Xuyan Ma, Xiaofei Xie, Yawen Wang et al.

Agentic systems consisting of multiple LLM-driven agents coordinating through tools and structured interactions, are increasingly deployed for complex reasoning and problem-solving tasks. At the same time, emerging low-code and template-based agent development platforms (e.g., Dify) enable users to rapidly build and orchestrate agentic systems, which we refer to as platform-orchestrated agentic systems. However, these systems are also fragile and it remains unclear how to systematically identify their potential failure root cause. This paper presents a study of root cause identification of these platform-orchestrated agentic systems. To support this initiative, we construct a dataset AgentFail containing 307 failure logs from ten agentic systems, each with fine-grained annotations linking failures to their root causes.
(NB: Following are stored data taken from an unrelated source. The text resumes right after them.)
lemma plucker_form_eq_0_if_sorted_le:
  assumes "\<And>a. P a a = 0"
    and "\<And>a b c d. a < b \<Longrightarrow> b < c \<Longrightarrow> c < d \<Longrightarrow> d < 5 \<Longrightarrow> plucker_form P a b c d = 0"
    and "a \<le> b" "b \<le> c" "c \<le> d" "d < 5"
  shows "plucker_form P a b c d = 0"
proof (cases "a = b \<or> b = c \<or> c = d")
  case True then show ?thesis by (elim disjE) (simp_all add: plucker_form_def assms(1))
next
  case False then show ?thesis using assms(2-6) by simp
qed

text \<open>The Pluecker form of an antisymmetric \<open>P\<close> is alternating, so its vanishing on strictly
  increasing indices propagates to all indices.\<close>

lemma plucker_form_eq_0:
  assumes anti: "\<And>a b. P a b = - P b a" and diag: "\<And>a. P a a = 0"
    and sorted: "\<And>a b c d. a < b \<Longrightarrow> b < c \<Longrightarrow> c < d \<Longrightarrow> d < 5 \<Longrightarrow> plucker_form P a b c d = 0"
    and "a < 5" "b < 5" "c < 5" "d < 5"
  shows "plucker_form P a b c d = 0"
proof -
  note swap = plucker_form_swap[of P, OF anti]
  note sorted_le = plucker_form_eq_0_if_sorted_le[of P, OF diag sorted]
  have first_le_third: "plucker_form P a b c d = 0"
    if "a \<le> b" "c \<le> d" "a \<le> c" "d < 5" "b < 5" for a b c d
  proof -
    consider "b \<le> c" | "c < b" "b \<le> d" | "d < b" by linarith
    then show ?thesis
    proof cases
      case 1 then show ?thesis using sorted_le that by simp
    next
      case 2 then show ?thesis using sorted_le[of a c b d] swap(2)[of a c b d] that by simp
    next
      case 3 then show ?thesis
        using sorted_le[of a c d b] swap(2)[of a b c d] swap(3)[of a c b d] that by simp
    qed
  qed
  have pairs_le: "plucker_form P a b c d = 0"
    if "a \<le> b" "c \<le> d" "a < 5" "b < 5" "c < 5" "d < 5" for a b c d
    using first_le_third[of a b c d] first_le_third[of c d a b] swap(4)[of a b c d] that
    by (cases "a \<le> c") auto
  have "plucker_form P a b c d = 0" if "c \<le> d" "a < 5" "b < 5" "c < 5" "d < 5" for a b c d
    using pairs_le[of a b c d] pairs_le[of b a c d] swap(1)[of a b c d] that
    by (cases "a \<le> b") auto
  then show ?thesis
    using swap(3)[of a b c d] assms(4-7) by (cases "c \<le> d") (auto simp: neg_equal_0_iff_equal)
qed

definition ext_vector :: "(nat \<Rightarrow> 'k::field) \<Rightarrow> 'k ext" where
  "ext_vector f = (\<lambda>S. if is_singleton S \<and> the_elem S < 5 then f (the_elem S) else 0)"

lemma ext_vector_in_ext_grade_1: "ext_vector f \<in> ext_grade 1"
  unfolding ext_grade_def ext_vector_def by (auto simp: is_singleton_def)

lemma ext_vector_apply: "m < 5 \<Longrightarrow> ext_vector f {m} = f m"
  by (simp add: ext_vector_def)

lemma decomposable_if_wedge_self_eq_0:
  fixes u :: "'k::field ext"
  assumes two: "(2::'k) \<noteq> 0" and u: "u \<in> ext_grade 2" "wedge u u = 0"
  obtains a b where "a \<in> ext_grade 1" "b \<in> ext_grade 1" "u = wedge a b"
proof (cases "u = 0")
  case True
  then show ?thesis using that[of 0 0] by simp
next
  case False
  then obtain k l where kl: "k < l" "l < 5" "u {k, l} \<noteq> 0"
    using ext_grade_2_nonzero_coeff[OF u(1)] by blast
  define P where "P x y = (if x < y then u {x, y} else if y < x then - u {x, y} else 0)" for x y
  have anti: "P a b = - P b a" for a b
    unfolding P_def by (cases a b rule: linorder_cases) (auto simp: insert_commute)
  have diag: "P a a = 0" for a
    unfolding P_def by simp
  have sorted: "plucker_form P a b c d = 0" if "a < b" "b < c" "c < d" "d < 5" for a b c d
  proof -
    have "0 = wedge u u {a, b, c, d}" by (simp add: u(2))
    also have "\<dots> = 2 * plucker_form P a b c d"
      using that by (simp add: wedge_apply_4_22[OF u(1) u(1)] plucker_form_def P_def algebra_simps)
    finally show ?thesis using two by simp
  qed
  text \<open>The two factors are the contractions of \<open>u\<close> with the dual basis vectors
    \<open>e\<^sub>k\<^sup>*\<close> and \<open>e\<^sub>l\<^sup>*\<close>; the Pluecker relations say that their product
    is \<open>u{k,l} u\<close>.\<close>
  define a where "a = ext_vector (P k)"
  define b where "b = ext_vector (P l)"
  have ab: "wedge a b = escale (u {k, l}) u"
  proof (rule ext_grade_2_eqI)
    show "wedge a b \<in> ext_grade 2"
      unfolding a_def b_def by (intro wedge_in_ext_grade_2 ext_vector_in_ext_grade_1)
    show "escale (u {k, l}) u \<in> ext_grade 2" using ext_grade_scale u(1) by blast
    fix x y :: nat assume xy: "x < y" "y < 5"
    have "wedge a b {x, y} = P k x * P l y - P k y * P l x"
      unfolding a_def b_def wedge_apply_2[OF ext_vector_in_ext_grade_1 ext_vector_in_ext_grade_1 xy(1)]
      using xy by (simp add: ext_vector_apply)
    also have "\<dots> = P k l * P x y"
      using plucker_form_eq_0[of P, OF anti diag sorted, of k l x y] kl xy
      by (simp add: plucker_form_def algebra_simps)
    also have "\<dots> = u {k, l} * u {x, y}" using kl xy by (simp add: P_def)
    finally show "wedge a b {x, y} = escale (u {k, l}) u {x, y}" by simp
  qed
  have "u = wedge (escale (1 / u {k, l}) a) b"
    using kl(3) by (simp add: wedge_scale_left ab)
  moreover have "escale (1 / u {k, l}) a \<in> ext_grade 1" "b \<in> ext_grade 1"
    unfolding a_def b_def by (intro ext_grade_scale ext_vector_in_ext_grade_1)+
  ultimately show ?thesis using that by blast
qed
We additionally utilize counterfactual reasoning-based repair strategy to ensure the reliability of the annotation. Building on the dataset, we develop a taxonomy that characterizes failure root causes and analyze their distribution across different platforms and task domains. Furthermore, we introduce a benchmark that leverages LLMs for automatically identifying root causes, in which we also utilize the proposed taxonomy as guidance for LLMs. Results show that the taxonomy can largely improve the performance, thereby confirming its utility. Nevertheless, the accuracy of root cause identification reaches at most 33.6%, which indicates that this task still remains challenging. In light of these results, we also provide actionable guidelines for building such agentic systems. In summary, this paper provides a reliable dataset of failure root cause for platform-orchestrated agentic systems, corresponding taxonomy and benchmark, which serves as a foundation for advancing the development of more reliable agentic systems.